__Assignment__
The lines to copy are those in the records below that hold the word "unfolding".

__Provided entries__

(* Let $l^{(u)}\in L_u$ for each $u\in U^I_{\min}$. Then $\sum_{u\in U^I_{\min}}l^{(u)}={\bf 0}$ if and only if $l^{(u)}={\bf 0}$ for all $u\in U^I_{\min}$.
   Context: $n\ge1$, $d\ge2$, $I\subseteq\{0,\dots,n\}$; ${\bf a}_1,\dots,{\bf a}_N\in\mathbb{N}^{n+1}$ with coordinate sums $d$, ${\bf a}_j^+=({\bf a}_j,1)\in\mathbb{N}^{n+2}$. $\mu_I$: $\lceil|I|/d\rceil=\mu_I+1$. $U^I_{\min}$: the set of $u\in\mathbb{N}^{n+2}$ with $\sum_{i=0}^nu_i=du_{n+1}$, $u_i>0$ for $i\in I$, and $u_{n+1}=\mu_I+1$. Hypothesis: $N\ge\mu_I+|U^I_{\min}|$ and for each $u\in U^I_{\min}$ there is $k_u$, $1\le k_u\le|U^I_{\min}|$, with $u={\bf a}^+_{\mu_I+k_u}+\sum_{j=1}^{\mu_I}{\bf a}_j^+$. For $u\in U^I_{\min}$, $L_u$ is the set of $l\in\mathbb{Z}^N$ with $\sum_{k=1}^Nl_k{\bf a}_k^+={\bf 0}$, $l_j\le0$ for $j=1,\dots,\mu_I$ and for $j=\mu_I+k_u$, and $l_j\ge0$ for all other $j$. *)

theory Defs
  imports Complex_Main
begin

text \<open>Vectors in N^(m) / Z^(m) are modelled as functions on nat that vanish outside
  the index range. a j is the vector a_j (j = 1..N, coordinates 0..n).\<close>

definition muI :: "nat \<Rightarrow> nat set \<Rightarrow> int" where
  "muI d I = \<lceil>real (card I) / real d\<rceil> - 1"

definition aplus :: "nat \<Rightarrow> (nat \<Rightarrow> nat \<Rightarrow> nat) \<Rightarrow> nat \<Rightarrow> nat \<Rightarrow> nat" where
  "aplus n a j i = (if i \<le> n then a j i else if i = n + 1 then 1 else 0)"

definition Umin :: "nat \<Rightarrow> nat \<Rightarrow> nat set \<Rightarrow> (nat \<Rightarrow> nat) set" where
  "Umin n d I = {u. (\<forall>i. n + 1 < i \<longrightarrow> u i = 0)
      \<and> (\<Sum>i\<le>n. u i) = d * u (n + 1)
      \<and> (\<forall>i\<in>I. 0 < u i)
      \<and> int (u (n + 1)) = muI d I + 1}"

definition Lset :: "nat \<Rightarrow> nat \<Rightarrow> (nat \<Rightarrow> nat \<Rightarrow> nat) \<Rightarrow> int \<Rightarrow> nat \<Rightarrow> (nat \<Rightarrow> int) set" where
  "Lset n N a mu ku = {l. (\<forall>j. j \<notin> {1..N} \<longrightarrow> l j = 0)
      \<and> (\<forall>i\<le>n + 1. (\<Sum>j=1..N. l j * int (aplus n a j i)) = 0)
      \<and> (\<forall>j\<in>{1..N}. if int j \<le> mu \<or> int j = mu + int ku then l j \<le> 0 else 0 \<le> l j)}"

end

theory Submission imports Defs begin

text \<open>Write \<open>U\<close> for \<open>U\<^sup>I\<^sub>min\<close> and \<open>p v = \<mu>\<^sub>I + k v\<close>. Every coordinate outside \<open>p ` U\<close> has the same
  sign in all \<open>l u\<close>, so the vanishing sum kills it. Hence \<open>l u\<close> is given by the coefficients
  \<open>M u v = l u (p v)\<close>, nonnegative for \<open>v \<noteq> u\<close>, with \<open>\<Sum>u. M u v = 0\<close>. The relation
  \<open>\<Sum>j. l u j \<cdot> a\<^sup>+ j = 0\<close> gives \<open>\<Sum>v. M u v = 0\<close> (last coordinate) and, since every \<open>v\<close> is
  \<open>a\<^sup>+ (p v)\<close> plus a fixed vector, \<open>\<Sum>v. M u v \<cdot> v = 0\<close>. Thus
  \<open>T u = \<Sum>v. M u v \<cdot> |v|\<^sup>2 = \<Sum>v. M u v \<cdot> |v - u|\<^sup>2 \<ge> 0\<close>, with equality only if row \<open>u\<close> vanishes,
  the points of \<open>U\<close> being distinct; yet \<open>\<Sum>u. T u = 0\<close> by the column sums.\<close>

lemma sum_weighted_sq_dist_eq:
  fixes M :: "'a \<Rightarrow> 'b::comm_ring_1" and f :: "'a \<Rightarrow> 'i \<Rightarrow> 'b"
  assumes "finite U" "finite K" "(\<Sum>v\<in>U. M v) = 0" "\<And>i. i \<in> K \<Longrightarrow> (\<Sum>v\<in>U. M v * f v i) = 0"
  shows "(\<Sum>v\<in>U. M v * (\<Sum>i\<in>K. (f v i - c i)^2)) = (\<Sum>v\<in>U. M v * (\<Sum>i\<in>K. (f v i)^2))"
proof -
  have expand: "M v * (\<Sum>i\<in>K. (f v i - c i)^2) = M v * (\<Sum>i\<in>K. (f v i)^2)
      - 2 * (\<Sum>i\<in>K. c i * (M v * f v i)) + (\<Sum>i\<in>K. (c i)^2) * M v" for v
    by (simp add: power2_diff sum.distrib sum_subtractf sum_distrib_left sum_distrib_right
        algebra_simps)
  have "(\<Sum>v\<in>U. M v * (\<Sum>i\<in>K. (f v i - c i)^2)) = (\<Sum>v\<in>U. M v * (\<Sum>i\<in>K. (f v i)^2))
      - 2 * (\<Sum>i\<in>K. c i * (\<Sum>v\<in>U. M v * f v i)) + (\<Sum>i\<in>K. (c i)^2) * (\<Sum>v\<in>U. M v)"
    unfolding expand sum.distrib sum_subtractf
    by (simp add: sum_distrib_left sum_distrib_right sum.swap[of _ U K])
  also have "\<dots> = (\<Sum>v\<in>U. M v * (\<Sum>i\<in>K. (f v i)^2))"
    using assms by simp
  finally show ?thesis .
qed

text \<open>Centred at \<open>u\<close>, the second moment becomes a sum of nonnegative terms.\<close>

lemma sum_weighted_sq_nonneg_and_eq_0:
  fixes M :: "'a \<Rightarrow> 'b::linordered_idom" and f :: "'a \<Rightarrow> 'i \<Rightarrow> 'b"
  assumes "finite U" "finite K" "u \<in> U"
    and nonneg: "\<And>v. v \<in> U \<Longrightarrow> v \<noteq> u \<Longrightarrow> 0 \<le> M v"
    and "(\<Sum>v\<in>U. M v) = 0" "\<And>i. i \<in> K \<Longrightarrow> (\<Sum>v\<in>U. M v * f v i) = 0"
    and distinct: "\<And>v. v \<in> U \<Longrightarrow> \<forall>i\<in>K. f v i = f u i \<Longrightarrow> v = u"
  shows "0 \<le> (\<Sum>v\<in>U. M v * (\<Sum>i\<in>K. (f v i)^2))"
    and "(\<Sum>v\<in>U. M v * (\<Sum>i\<in>K. (f v i)^2)) = 0 \<Longrightarrow> v \<in> U \<Longrightarrow> M v = 0"
proof -
  let ?D = "\<lambda>v. M v * (\<Sum>i\<in>K. (f v i - f u i)^2)"
  have centred: "(\<Sum>v\<in>U. ?D v) = (\<Sum>v\<in>U. M v * (\<Sum>i\<in>K. (f v i)^2))"
    by (rule sum_weighted_sq_dist_eq) (use assms in auto)
  have D_nonneg: "0 \<le> ?D v" if "v \<in> U" for v
    using that nonneg by (cases "v = u") (simp_all add: sum_nonneg)
  then show "0 \<le> (\<Sum>v\<in>U. M v * (\<Sum>i\<in>K. (f v i)^2))"
    unfolding centred[symmetric] by (rule sum_nonneg)
  assume "(\<Sum>v\<in>U. M v * (\<Sum>i\<in>K. (f v i)^2)) = 0"
  then have D_0: "?D v = 0" if "v \<in> U" for v
    using that centred D_nonneg sum_nonneg_eq_0_iff[OF \<open>finite U\<close>, of ?D] by auto
  have off_u: "M w = 0" if w: "w \<in> U" "w \<noteq> u" for w
  proof -
    obtain i where i: "i \<in> K" "f w i \<noteq> f u i"
      using distinct[OF w(1)] w(2) by blast
    have "0 < (f w i - f u i)^2"
      using i(2) by simp
    also have "\<dots> \<le> (\<Sum>i\<in>K. (f w i - f u i)^2)"
      using i(1) \<open>finite K\<close> by (intro member_le_sum) auto
    finally show ?thesis
      using D_0[OF w(1)] by simp
  qed
  moreover have "M u = 0"
    using \<open>(\<Sum>v\<in>U. M v) = 0\<close> off_u sum.remove[OF \<open>finite U\<close> \<open>u \<in> U\<close>, of M] by simp
  ultimately show "v \<in> U \<Longrightarrow> M v = 0"
    by blast
qed

text \<open>The second moments of the rows are nonnegative and add up to a combination of the
  column sums.\<close>

lemma affine_relations_eq_0:
  fixes M :: "'a \<Rightarrow> 'a \<Rightarrow> 'b::linordered_idom" and f :: "'a \<Rightarrow> 'i \<Rightarrow> 'b"
  assumes "finite U" "finite K"
    and "\<And>u v. u \<in> U \<Longrightarrow> v \<in> U \<Longrightarrow> v \<noteq> u \<Longrightarrow> 0 \<le> M u v"
    and "\<And>u. u \<in> U \<Longrightarrow> (\<Sum>v\<in>U. M u v) = 0"
    and "\<And>u i. u \<in> U \<Longrightarrow> i \<in> K \<Longrightarrow> (\<Sum>v\<in>U. M u v * f v i) = 0"
    and column_sums: "\<And>v. v \<in> U \<Longrightarrow> (\<Sum>u\<in>U. M u v) = 0"
    and "\<And>u v. u \<in> U \<Longrightarrow> v \<in> U \<Longrightarrow> \<forall>i\<in>K. f v i = f u i \<Longrightarrow> v = u"
    and "u \<in> U" "v \<in> U"
  shows "M u v = 0"
proof -
  let ?Q = "\<lambda>v. \<Sum>i\<in>K. (f v i)^2"
  let ?T = "\<lambda>u. \<Sum>v\<in>U. M u v * ?Q v"
  note row = sum_weighted_sq_nonneg_and_eq_0[OF assms(1,2) _ assms(3) assms(4) assms(5) assms(7)]
  have T_nonneg: "0 \<le> ?T u" if "u \<in> U" for u
    by (rule row(1)) (use that in auto)
  have "(\<Sum>u\<in>U. ?T u) = (\<Sum>v\<in>U. (\<Sum>u\<in>U. M u v) * ?Q v)"
    unfolding sum_distrib_right by (rule sum.swap)
  also have "\<dots> = 0"
    using column_sums by simp
  finally have "?T u = 0"
    using T_nonneg sum_nonneg_eq_0_iff[OF \<open>finite U\<close>, of ?T] \<open>u \<in> U\<close> by blast
  then show ?thesis
    by (intro row(2)) (use assms(8,9) in auto)
qed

__Exercise answer__
    unfolding expand sum.distrib sum_subtractf
    unfolding centred[symmetric] by (rule sum_nonneg)
    unfolding sum_distrib_right by (rule sum.swap)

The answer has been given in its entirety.